What are the advantages/disadvantages of placing drain tile on top of
the footer vs. next to the footing?
I ask as I am getting a lot of water under my basement the past couple
of years and my sump pump runs much more frequently than it used to.
Water is seeping into my sump pit via a rift which has been created
just below point where the interior drain (from under my basement) is
located. The point where the water is entering my sump pit is 8"
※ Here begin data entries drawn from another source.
(* Let $G$ be a finite abelian group, $T \subsetneq G$ a non-empty subset, and fix $x \in G$ with $T + x \ne T$. Put $T^{\uparrow} = T + x$, $C^{\uparrow} = T^{\uparrow}\setminus T$, $C^{\downarrow} = T \setminus T^{\uparrow}$ and $A = T \cup T^{\uparrow}$. Let $d \ge 1$ and let $X$ be a hole in $A^d$. Suppose that $C_{i,d} \subset X$ for some $0 \le i \le d$. Then $(X \setminus C_{i,d})^{\dagger}$ is a hole in $A^{d+1}$.
   Context: For integers $1 \le i \le e$, $C_{i,e} = C^{\downarrow}\times\dots\times C^{\uparrow}\times\dots\times C^{\downarrow} \subset A^e$ ($e$ factors, $C^{\uparrow}$ in the $i$-th factor, $C^{\downarrow}$ elsewhere), and $C_{0,e} = (C^{\downarrow})^e$. A copy of $T$ in $G^e$ is a translate $\mathsf{T}_j + y$ ($y\in G^e$, $1\le j\le e$), where $\mathsf{T}_j$ is the set of points of $G^e$ with $j$-th coordinate in $T$ and other coordinates $0$; a set is $T$-tilable if it is a disjoint union of copies of $T$. A set $X \subset A^e$ is a hole in $A^e$ if $A^e \setminus X$ is $T$-tilable. For $X \subset A^e$, define $X^{\dagger} = (X \times C^{\downarrow}) \cup C_{e+1,e+1} \subset A^{e+1}$. *)

theory Defs
  imports "HOL-Library.Disjoint_Sets"
begin

(* Points of G^e are lists of length e; coordinate j (1-based in the paper) is index j-1. *)

definition Tup :: "'a::ab_group_add set \<Rightarrow> 'a \<Rightarrow> 'a set" where
  "Tup T x = (\<lambda>t. t + x) ` T"

definition Cup :: "'a::ab_group_add set \<Rightarrow> 'a \<Rightarrow> 'a set" where
  "Cup T x = Tup T x - T"

definition Cdown :: "'a::ab_group_add set \<Rightarrow> 'a \<Rightarrow> 'a set" where
  "Cdown T x = T - Tup T x"

definition Aset :: "'a::ab_group_add set \<Rightarrow> 'a \<Rightarrow> 'a set" where
  "Aset T x = T \<union> Tup T x"

definition power_set :: "'a set \<Rightarrow> nat \<Rightarrow> 'a list set" where
  "power_set S e = {xs. length xs = e \<and> set xs \<subseteq> S}"

(* C_{i,e}: C^up in the i-th factor (1 \<le> i \<le> e), C^down elsewhere; i = 0 gives (C^down)^e *)
definition Cset :: "'a::ab_group_add set \<Rightarrow> 'a \<Rightarrow> nat \<Rightarrow> nat \<Rightarrow> 'a list set" where
  "Cset T x e i = {xs. length xs = e \<and>
      (\<forall>k<e. xs ! k \<in> (if Suc k = i then Cup T x else Cdown T x))}"

definition tcopy :: "'a::ab_group_add set \<Rightarrow> nat \<Rightarrow> nat \<Rightarrow> 'a list \<Rightarrow> 'a list set" where
  "tcopy T e j y = {map2 (+) y ((replicate e 0)[j - 1 := t]) | t. t \<in> T}"

definition copies :: "'a::ab_group_add set \<Rightarrow> nat \<Rightarrow> 'a list set set" where
  "copies T e = {tcopy T e j y | j y. 1 \<le> j \<and> j \<le> e \<and> length y = e}"

definition tilable :: "'a::ab_group_add set \<Rightarrow> nat \<Rightarrow> 'a list set \<Rightarrow> bool" where
  "tilable T e S \<longleftrightarrow> (\<exists>P. P \<subseteq> copies T e \<and> disjoint P \<and> \<Union>P = S)"

definition hole :: "'a::ab_group_add set \<Rightarrow> 'a \<Rightarrow> nat \<Rightarrow> 'a list set \<Rightarrow> bool" where
  "hole T x e X \<longleftrightarrow> X \<subseteq> power_set (Aset T x) e \<and>
      tilable T e (power_set (Aset T x) e - X)"

definition dagger :: "'a::ab_group_add set \<Rightarrow> 'a \<Rightarrow> nat \<Rightarrow> 'a list set \<Rightarrow> 'a list set" where
  "dagger T x e X = {xs @ [c] | xs c. xs \<in> X \<and> c \<in> Cdown T x} \<union> Cset T x (Suc e) (Suc e)"

end

theory Submission
  imports Defs
begin

text \<open>Write \<open>A = T \<union> (T + x)\<close> and split it as \<open>C\<^sup>\<down> \<union> (T \<inter> (T + x)) \<union> C\<^sup>\<up>\<close>. Sorting the points of
  \<open>A\<^sup>d\<^sup>+\<^sup>1\<close> outside \<open>(X - C\<^sub>i\<^sub>,\<^sub>d)\<^sup>\<dagger>\<close> by their last coordinate, the complement is the disjoint union of
  \<open>C\<^sub>i\<^sub>,\<^sub>d \<times> T\<close>, \<open>(A\<^sup>d - C\<^sub>i\<^sub>,\<^sub>d) \<times> (T \<inter> (T + x))\<close>, \<open>(A\<^sup>d - X) \<times> C\<^sup>\<down>\<close> and \<open>(A\<^sup>d - C\<^sub>0\<^sub>,\<^sub>d) \<times> C\<^sup>\<up>\<close>.
  The first is a union of copies of \<open>T\<close> along the last axis; each of the others is a tilable set
  times an arbitrary set, hence tilable layer by layer. Tilability of \<open>A\<^sup>d - X\<close> is the hypothesis, and
  \<open>A\<^sup>d\<close> minus any box \<open>\<Prod>\<^sub>k C\<^sub>k\<close> with \<open>C\<^sub>k \<in> {C\<^sup>\<up>, C\<^sup>\<down>}\<close> is tilable by induction on the dimension, since
  \<open>A - C\<^sup>\<up> = T\<close> and \<open>A - C\<^sup>\<down> = T + x\<close> are copies of \<open>T\<close>.\<close>

definition snoc_prod :: "'a list set \<Rightarrow> 'a set \<Rightarrow> 'a list set" where
  "snoc_prod S B = {p @ [a] | p a. p \<in> S \<and> a \<in> B}"

lemma mem_snoc_prod: "xs \<in> snoc_prod S B \<longleftrightarrow> xs \<noteq> [] \<and> butlast xs \<in> S \<and> last xs \<in> B"
  unfolding snoc_prod_def by (cases xs rule: rev_cases) auto

lemma mem_power_set_Suc:
  "xs \<in> power_set S (Suc d) \<longleftrightarrow> xs \<noteq> [] \<and> butlast xs \<in> power_set S d \<and> last xs \<in> S"
  unfolding power_set_def by (cases xs rule: rev_cases) auto

lemma tilable_empty: "tilable T e {}"
  unfolding tilable_def by (rule exI[of _ "{}"]) auto

lemma tilable_UN:
  assumes "\<And>i. i \<in> I \<Longrightarrow> tilable T e (S i)" and "disjoint_family_on S I"
  shows "tilable T e (\<Union>i\<in>I. S i)"
proof -
  obtain P where P: "\<And>i. i \<in> I \<Longrightarrow> P i \<subseteq> copies T e \<and> disjoint (P i) \<and> \<Union>(P i) = S i"
    using assms(1) unfolding tilable_def by metis
  have "\<Union>(\<Union>i\<in>I. P i) = (\<Union>i\<in>I. \<Union>(P i))"
    by blast
  also have "\<dots> = (\<Union>i\<in>I. S i)"
    using P by simp
  finally have "\<Union>(\<Union>i\<in>I. P i) = (\<Union>i\<in>I. S i)" .
  moreover have "disjoint (\<Union>i\<in>I. P i)"
    using P assms(2) by (intro disjoint_UN) (auto simp: disjoint_family_on_def)
  ultimately show ?thesis
    using P unfolding tilable_def by (intro exI[of _ "\<Union>i\<in>I. P i"]) blast
qed

lemma tilable_Un:
  assumes "tilable T e A" and "tilable T e B" and "A \<inter> B = {}"
  shows "tilable T e (A \<union> B)"
proof -
  obtain P Q where "P \<subseteq> copies T e" "disjoint P" "\<Union>P = A"
    and "Q \<subseteq> copies T e" "disjoint Q" "\<Union>Q = B"
    using assms(1,2) unfolding tilable_def by blast
  then show ?thesis
    using assms(3) disjoint_union unfolding tilable_def by (intro exI[of _ "P \<union> Q"]) auto
qed

lemma replicate_update_Suc:
  "j < d \<Longrightarrow> (replicate (Suc d) 0)[j := t] = (replicate d 0)[j := t] @ [0]"
  by (simp add: replicate_append_same[symmetric] list_update_append)

lemma replicate_update_last: "(replicate (Suc d) 0)[d := t] = replicate d 0 @ [t]"
  by (simp add: replicate_append_same[symmetric] list_update_append)

lemma tcopy_snoc:
  assumes "1 \<le> j" and "j \<le> d" and "length y = d"
  shows "(\<lambda>p. p @ [a]) ` tcopy T d j y = tcopy T (Suc d) j (y @ [a])"
proof -
  have "map2 (+) (y @ [a]) ((replicate (Suc d) 0)[j - 1 := t]) =
      map2 (+) y ((replicate d 0)[j - 1 := t]) @ [a]" for t
  proof -
    have "(replicate (Suc d) 0)[j - 1 := t] = (replicate d 0)[j - 1 := t] @ [0]"
      using assms by (intro replicate_update_Suc) auto
    then show ?thesis using assms by simp
  qed
  then show ?thesis unfolding tcopy_def by auto
qed

lemma map2_plus_replicate_zero: "map2 (+) p (replicate (length p) (0::'a::monoid_add)) = p"
  by (induction p) auto

lemma tcopy_last:
  assumes "length p = d"
  shows "tcopy T (Suc d) (Suc d) (p @ [g]) = snoc_prod {p} (Tup T g)"
proof -
  have "map2 (+) (p @ [g]) ((replicate (Suc d) 0)[d := t]) = p @ [t + g]" for t
    unfolding replicate_update_last using assms map2_plus_replicate_zero[of p]
    by (simp add: add.commute)
  then show ?thesis unfolding tcopy_def snoc_prod_def Tup_def by auto
qed

lemma tilable_snoc:
  assumes "tilable T d S"
  shows "tilable T (Suc d) ((\<lambda>p. p @ [a]) ` S)"
proof -
  obtain P where P: "P \<subseteq> copies T d" "disjoint P" "\<Union>P = S"
    using assms unfolding tilable_def by blast
  let ?P' = "(`) (\<lambda>p. p @ [a]) ` P"
  have "?P' \<subseteq> copies T (Suc d)"
  proof
    fix c' assume "c' \<in> ?P'"
    then obtain j y where "c' = (\<lambda>p. p @ [a]) ` tcopy T d j y" "1 \<le> j" "j \<le> d" "length y = d"
      using P(1) unfolding copies_def by blast
    then have "c' = tcopy T (Suc d) j (y @ [a])"
      by (simp add: tcopy_snoc)
    then show "c' \<in> copies T (Suc d)"
      unfolding copies_def using \<open>1 \<le> j\<close> \<open>j \<le> d\<close> \<open>length y = d\<close> by fastforce
  qed
  moreover have "disjoint ?P'"
    using P(2) by (rule disjoint_image[rotated]) (simp add: inj_on_def)
  ultimately show ?thesis
    using P(3) unfolding tilable_def by (intro exI[of _ ?P']) auto
qed

lemma tilable_snoc_prod:
  assumes "tilable T d S"
  shows "tilable T (Suc d) (snoc_prod S B)"
proof -
  have "snoc_prod S B = (\<Union>a\<in>B. (\<lambda>p. p @ [a]) ` S)"
    unfolding snoc_prod_def by auto
  moreover have "disjoint_family_on (\<lambda>a. (\<lambda>p. p @ [a]) ` S) B"
    unfolding disjoint_family_on_def by auto
  ultimately show ?thesis
    using assms by (simp add: tilable_UN tilable_snoc)
qed

lemma tilable_snoc_prod_Tup:
  assumes "\<And>p. p \<in> S \<Longrightarrow> length p = d"
  shows "tilable T (Suc d) (snoc_prod S (Tup T g))"
proof -
  have "snoc_prod S (Tup T g) = (\<Union>p\<in>S. snoc_prod {p} (Tup T g))"
    unfolding snoc_prod_def by blast
  moreover have "tilable T (Suc d) (snoc_prod {p} (Tup T g))" if "p \<in> S" for p
  proof -
    have "snoc_prod {p} (Tup T g) \<in> copies T (Suc d)"
      using assms[OF that] tcopy_last[symmetric] unfolding copies_def by fastforce
    then show ?thesis
      unfolding tilable_def by (intro exI[of _ "{snoc_prod {p} (Tup T g)}"]) auto
  qed
  moreover have "disjoint_family_on (\<lambda>p. snoc_prod {p} (Tup T g)) S"
    by (auto simp: disjoint_family_on_def mem_snoc_prod)
  ultimately show ?thesis by (simp add: tilable_UN)
qed

definition updown_box :: "'a::ab_group_add set \<Rightarrow> 'a \<Rightarrow> nat \<Rightarrow> (nat \<Rightarrow> bool) \<Rightarrow> 'a list set" where
  "updown_box T x e D =
     {xs. length xs = e \<and> (\<forall>k<e. xs ! k \<in> (if D k then Cup T x else Cdown T x))}"

lemma mem_updown_box_Suc:
  "xs \<in> updown_box T x (Suc d) D \<longleftrightarrow>
     xs \<noteq> [] \<and> butlast xs \<in> updown_box T x d D \<and> last xs \<in> (if D d then Cup T x else Cdown T x)"
proof (cases xs rule: rev_cases)
  case (snoc p a)
  then show ?thesis
    unfolding updown_box_def
    by (auto simp: nth_append less_Suc_eq)
qed (simp add: updown_box_def)

lemma updown_box_subset_power_set: "updown_box T x d D \<subseteq> power_set (Aset T x) d"
  unfolding updown_box_def power_set_def Aset_def Cup_def Cdown_def
  by (force simp: in_set_conv_nth split: if_splits)

lemma Tup_zero: "Tup T 0 = T"
  unfolding Tup_def by simp

lemma Aset_diff_Cup: "Aset T x - Cup T x = Tup T 0"
  and Aset_diff_Cdown: "Aset T x - Cdown T x = Tup T x"
  unfolding Aset_def Cup_def Cdown_def Tup_def by auto

lemma tilable_power_set_diff_updown_box:
  "tilable T d (power_set (Aset T x) d - updown_box T x d D)"
proof (induction d)
  case 0
  have "power_set (Aset T x) 0 - updown_box T x 0 D = {}"
    unfolding power_set_def updown_box_def by auto
  then show ?case by (metis tilable_empty)
next
  case (Suc d)
  let ?A = "Aset T x" and ?B = "updown_box T x d D"
  let ?C = "if D d then Cup T x else Cdown T x"
  have "power_set ?A (Suc d) - updown_box T x (Suc d) D =
      snoc_prod (power_set ?A d - ?B) ?A \<union> snoc_prod ?B (?A - ?C)"
    using updown_box_subset_power_set[of T x d D]
    by (auto simp: mem_snoc_prod mem_power_set_Suc mem_updown_box_Suc)
  moreover have "tilable T (Suc d) (snoc_prod ?B (?A - ?C))"
    using tilable_snoc_prod_Tup[of ?B d T]
    by (simp add: Aset_diff_Cup Aset_diff_Cdown updown_box_def)
  moreover have "snoc_prod (power_set ?A d - ?B) ?A \<inter> snoc_prod ?B (?A - ?C) = {}"
    by (auto simp: mem_snoc_prod)
  ultimately show ?case
    using tilable_Un tilable_snoc_prod[OF Suc.IH] by metis
qed

lemma Cset_eq_updown_box: "Cset T x d i = updown_box T x d (\<lambda>k. Suc k = i)"
  unfolding Cset_def updown_box_def by simp

lemma Cset_subset_power_set: "Cset T x d i \<subseteq> power_set (Aset T x) d"
  unfolding Cset_eq_updown_box by (rule updown_box_subset_power_set)

lemma Cset_last: "Cset T x (Suc d) (Suc d) = snoc_prod (Cset T x d 0) (Cup T x)"
proof -
  have "updown_box T x d (\<lambda>k. k = d) = updown_box T x d (\<lambda>k. False)"
    unfolding updown_box_def by auto
  then show ?thesis
    unfolding Cset_eq_updown_box by (auto simp: mem_snoc_prod mem_updown_box_Suc)
qed

lemma dagger_eq: "dagger T x d Y = snoc_prod Y (Cdown T x) \<union> snoc_prod (Cset T x d 0) (Cup T x)"
  unfolding dagger_def Cset_last snoc_prod_def by blast

lemma power_set_diff_dagger:
  assumes "X \<subseteq> power_set (Aset T x) d" and "Cset T x d i \<subseteq> X"
  shows "power_set (Aset T x) (Suc d) - dagger T x d (X - Cset T x d i) =
      snoc_prod (Cset T x d i) T \<union>
      snoc_prod (power_set (Aset T x) d - Cset T x d i) (T \<inter> Tup T x) \<union>
      snoc_prod (power_set (Aset T x) d - X) (Cdown T x) \<union>
      snoc_prod (power_set (Aset T x) d - Cset T x d 0) (Cup T x)"
  using assms Cset_subset_power_set[of T x d i] Cset_subset_power_set[of T x d 0]
  unfolding dagger_eq
  by (auto simp: mem_snoc_prod mem_power_set_Suc Aset_def Cup_def Cdown_def)

lemma hole_dagger:
  assumes "hole T x d X" and "Cset T x d i \<subseteq> X"
  shows "hole T x (Suc d) (dagger T x d (X - Cset T x d i))"
proof -
  let ?A = "power_set (Aset T x) d" and ?Ci = "Cset T x d i" and ?C0 = "Cset T x d 0"
  let ?P1 = "snoc_prod ?Ci T" and ?P2 = "snoc_prod (?A - ?Ci) (T \<inter> Tup T x)"
    and ?P3 = "snoc_prod (?A - X) (Cdown T x)" and ?P4 = "snoc_prod (?A - ?C0) (Cup T x)"
  have X: "X \<subseteq> ?A" and tilable_X: "tilable T d (?A - X)"
    using assms(1) unfolding hole_def by auto
  have "dagger T x d (X - ?Ci) \<subseteq> power_set (Aset T x) (Suc d)"
    using X Cset_subset_power_set[of T x d 0] unfolding dagger_eq
    by (auto simp: mem_snoc_prod mem_power_set_Suc Aset_def Cup_def Cdown_def)
  moreover have "tilable T (Suc d) (?P1 \<union> ?P2 \<union> ?P3 \<union> ?P4)"
  proof (intro tilable_Un)
    show "tilable T (Suc d) ?P1"
      using tilable_snoc_prod_Tup[of ?Ci d T 0] by (simp add: Tup_zero Cset_def)
    show "tilable T (Suc d) ?P2" "tilable T (Suc d) ?P4"
      by (intro tilable_snoc_prod, simp only: Cset_eq_updown_box tilable_power_set_diff_updown_box)+
    show "tilable T (Suc d) ?P3"
      using tilable_X by (rule tilable_snoc_prod)
    show "?P1 \<inter> ?P2 = {}" "(?P1 \<union> ?P2) \<inter> ?P3 = {}" "(?P1 \<union> ?P2 \<union> ?P3) \<inter> ?P4 = {}"
      using assms(2) by (auto simp: mem_snoc_prod Cup_def Cdown_def)
  qed
  ultimately show ?thesis
    unfolding hole_def power_set_diff_dagger[OF X assms(2)] by (rule conjI)
qed

theorem proposition11:
  fixes T :: "'a::{ab_group_add, finite} set" and x :: 'a
    and d i :: nat and X :: "'a list set"
  assumes "T \<noteq> {}" and "T \<subset> UNIV"
    and "Tup T x \<noteq> T"
    and "d \<ge> 1"
    and "hole T x d X"
    and "i \<le> d"
    and "Cset T x d i \<subseteq> X"
  shows "hole T x (Suc d) (dagger T x d (X - Cset T x d i))"
  using assms(5,7) by (rule hole_dagger)

end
below the floor of my basement. My perimeter drain is not connected
to the sump pit, but rather to a drain pipe which daylights down a
hill behind my house.
Of interest is the fact my perimeter drain does not appear to be
capturing any appreciable water as there is not any flow out the end
of the connected drain pipe. This drain pipe has adequate slope from
the point it ties into the perimeter drain and I recently dug down to
ensure the "tee" (perimeter drain to drain pipe) had not been
compromised. It was in working order and when I ran a hose onto the
exposed drain tile, the water did flow nicely out the drain pipe.
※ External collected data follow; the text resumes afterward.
(* Let $a,b,c,d\ge1$ be integers and let $$M=\begin{bmatrix}a&-1&-1&-1\\-1&b&-1&-1\\-1&-1&c&-1\\-1&-1&-1&d\end{bmatrix}.$$ If $\det M=0$ and two of $a,b,c,d$ equal $7$, then the other two are $1$ and $3$ (in some order). *)

theory Defs
  imports "HOL-Analysis.Analysis"
begin

definition Mmat :: "int \<Rightarrow> int \<Rightarrow> int \<Rightarrow> int \<Rightarrow> real^4^4" where
  "Mmat a b c d = vector [
     vector [real_of_int a, -1, -1, -1],
     vector [-1, real_of_int b, -1, -1],
     vector [-1, -1, real_of_int c, -1],
     vector [-1, -1, -1, real_of_int d]]"

end

theory Submission
  imports Defs
begin

text \<open>With \<open>x\<^sub>i = a\<^sub>i + 1\<close> the matrix is \<open>diag x - J\<close> (\<open>J\<close> the all-ones matrix), so
  \<open>det M = x\<^sub>1 x\<^sub>2 x\<^sub>3 x\<^sub>4 (1 - \<Sum>1/x\<^sub>i)\<close> and \<open>det M = 0\<close> says that the unit fractions
  \<open>1/x\<^sub>i\<close> sum to \<open>1\<close>. Two sevens contribute \<open>1/8 + 1/8\<close>, so the other two entries
  \<open>c, d\<close> satisfy \<open>1/(c+1) + 1/(d+1) = 3/4\<close>, i.e. \<open>3cd = c + d + 5\<close>. For \<open>c \<ge> 4\<close> the
  left side already exceeds the right, so \<open>c, d \<le> 3\<close> and \<open>{c, d} = {1, 3}\<close>.\<close>

lemma vector_4_nth [simp]:
  "(vector [x, y, z, w] :: 'a::zero^4) $ 1 = x"
  "(vector [x, y, z, w] :: 'a::zero^4) $ 2 = y"
  "(vector [x, y, z, w] :: 'a::zero^4) $ 3 = z"
  "(vector [x, y, z, w] :: 'a::zero^4) $ 4 = w"
  unfolding vector_def by simp_all

lemma det_Mmat:
  "det (Mmat a b c d) = of_int ((a+1)*(b+1)*(c+1)*(d+1)
     - (b+1)*(c+1)*(d+1) - (a+1)*(c+1)*(d+1) - (a+1)*(b+1)*(d+1) - (a+1)*(b+1)*(c+1))"
proof -
  have "finite {2::4, 3, 4}" "1 \<notin> {2::4, 3, 4}"
    and "finite {3::4, 4}" "2 \<notin> {3::4, 4}"
    and "finite {4::4}" "3 \<notin> {4::4}"
    by auto
  note insert_perms = sum_over_permutations_insert[OF this(1,2)]
    sum_over_permutations_insert[OF this(3,4)] sum_over_permutations_insert[OF this(5,6)]
  show ?thesis
    unfolding det_def UNIV_4 insert_perms permutes_sing
    by (simp add: sign_swap_id permutation_swap_id permutation_compose sign_compose
        swap_id_eq Mmat_def) (simp add: algebra_simps)
qed

lemma det_Mmat_eq_0_iff:
  assumes "a \<noteq> -1" "b \<noteq> -1" "c \<noteq> -1" "d \<noteq> -1"
  shows "det (Mmat a b c d) = 0 \<longleftrightarrow>
    1 / (of_int a + 1) + 1 / (of_int b + 1) + 1 / (of_int c + 1) + 1 / (of_int d + 1) = (1::real)"
proof -
  define A B C D where "A = real_of_int a + 1" and "B = real_of_int b + 1"
    and "C = real_of_int c + 1" and "D = real_of_int d + 1"
  have nonzero: "A \<noteq> 0" "B \<noteq> 0" "C \<noteq> 0" "D \<noteq> 0"
    using assms unfolding A_def B_def C_def D_def by linarith+
  have "det (Mmat a b c d) = A * B * C * D - B * C * D - A * C * D - A * B * D - A * B * C"
    unfolding det_Mmat A_def B_def C_def D_def by simp
  also have "\<dots> = A * B * C * D * (1 - (1 / A + 1 / B + 1 / C + 1 / D))"
    using nonzero by (simp add: field_simps)
  finally show ?thesis
    using nonzero by (simp flip: A_def B_def C_def D_def)
qed

lemma solution_3cd_bound:
  fixes c d :: int
  assumes "c \<ge> 1" "d \<ge> 1" "3 * c * d = c + d + 5"
  shows "c \<le> 3"
proof (rule ccontr)
  assume "\<not> c \<le> 3"
  then have "c * (3 * d - 1) \<ge> 4 * (3 * d - 1)"
    using assms by (intro mult_right_mono) auto
  then show False
    using assms by (simp add: algebra_simps)
qed

lemma solutions_3cd:
  fixes c d :: int
  assumes "c \<ge> 1" "d \<ge> 1" "3 * c * d = c + d + 5"
  shows "{c, d} = {1, 3}"
proof -
  have "c \<le> 3" "d \<le> 3"
    using solution_3cd_bound[of c d] solution_3cd_bound[of d c] assms
    by (simp_all add: ac_simps)
  then have "c \<in> {1, 2, 3}" "d \<in> {1, 2, 3}"
    using assms by auto
  then show ?thesis
    using assms(3) by auto
qed

lemma unit_fractions_three_quarters:
  fixes c d :: int
  assumes "c \<ge> 1" "d \<ge> 1" "1 / (of_int c + 1) + 1 / (of_int d + 1) = (3 / 4 :: real)"
  shows "{c, d} = {1, 3}"
proof -
  define C D where "C = real_of_int c + 1" and "D = real_of_int d + 1"
  have "C \<noteq> 0" "D \<noteq> 0"
    using assms(1,2) unfolding C_def D_def by linarith+
  moreover have "1 / C + 1 / D = 3 / 4"
    using assms(3) unfolding C_def D_def .
  ultimately have "4 * (C + D) = 3 * C * D"
    by (simp add: field_simps)
  then have "real_of_int (3 * c * d) = real_of_int (c + d + 5)"
    unfolding C_def D_def by (simp add: algebra_simps)
  then have "3 * c * d = c + d + 5"
    by (simp only: of_int_eq_iff)
  then show ?thesis
    using assms(1,2) solutions_3cd by blast
qed

theorem lemma3p8:
  fixes a b c d :: int
  assumes "a \<ge> 1" "b \<ge> 1" "c \<ge> 1" "d \<ge> 1"
    and "det (Mmat a b c d) = 0"
  shows "(a = 7 \<and> b = 7 \<longrightarrow> {c, d} = {1, 3}) \<and>
         (a = 7 \<and> c = 7 \<longrightarrow> {b, d} = {1, 3}) \<and>
         (a = 7 \<and> d = 7 \<longrightarrow> {b, c} = {1, 3}) \<and>
         (b = 7 \<and> c = 7 \<longrightarrow> {a, d} = {1, 3}) \<and>
         (b = 7 \<and> d = 7 \<longrightarrow> {a, c} = {1, 3}) \<and>
         (c = 7 \<and> d = 7 \<longrightarrow> {a, b} = {1, 3})"
proof -
  have unit_sum: "1 / (of_int a + 1) + 1 / (of_int b + 1) + 1 / (of_int c + 1) + 1 / (of_int d + 1) = (1::real)"
    using assms det_Mmat_eq_0_iff by simp
  have remaining: "{x, y} = {1, 3}"
    if "x \<ge> 1" "y \<ge> 1" "1 / 8 + 1 / 8 + 1 / (of_int x + 1) + 1 / (of_int y + 1) = (1::real)" for x y :: int
    using that by (intro unit_fractions_three_quarters) auto
  show ?thesis
    by (intro conjI impI; elim conjE; rule remaining)
      (use unit_sum assms(1-4) in \<open>simp_all add: ac_simps\<close>)
qed

end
Is it possible that surface water is working its way under my footers
and bypassing the drain tile (perhaps due to its location on top of
the footers and not next to them)?
As noted earlier, the point where water is entering my sump pit is 8"
below the floor. The drain tile (from the interior drain) is above
this point. If I unplugged my sump pump, presumably allowing the
water level to rise, would (should, actually) the interior drain below
the basement floor and the exterior perimeter drain begin to capture
the water (I understand the interior drain would feed water into the
sump pit)? I believe the perimeter drain is above that 8" water entry
point-- in its position on top of the footers.
The water table in my area is very high-- reportedly 19" higher than
normal due to excessive precip over the past several months. My sump
pump cycles more frequently after a heavy rain (once every ten minutes
or so), peaking about 12-18 hours after the rain has ended and taking
five or so days to return to a level where it might run once every 2-3
hours, assuming dry weather during this period. I wonder if I am
partially a victim of excessively wet conditions at the moment or is
there something else contributing?
My sump discharge is well away from the house and my gutter downspout
extensions are buried and daylight 20'+ away. The grading around a
couple of portions of the house is not the greatest, but I would have
thought the perimeter drain would capture some/all of the surface
water in these areas (back to my original question).
On a related note, I have considered the idea of having a pipe
microtunneled from behind my property (large hill) under my foundation
and connecting to the bottom of my sump pit. Assuming the technology
is such that the tunneling accuracy would result in the pipe arriving
at the bottom of my sump pit and not somewhere else, I can not think
of any negatives associated with this strategy. It would daylight
down a hill and the sump pump would then essentially serve as a safety
valve in case a critter or something temporarily created a blockage in
the hard pipe.
I appreciate any input related to the number of different things going
on with my particular situation.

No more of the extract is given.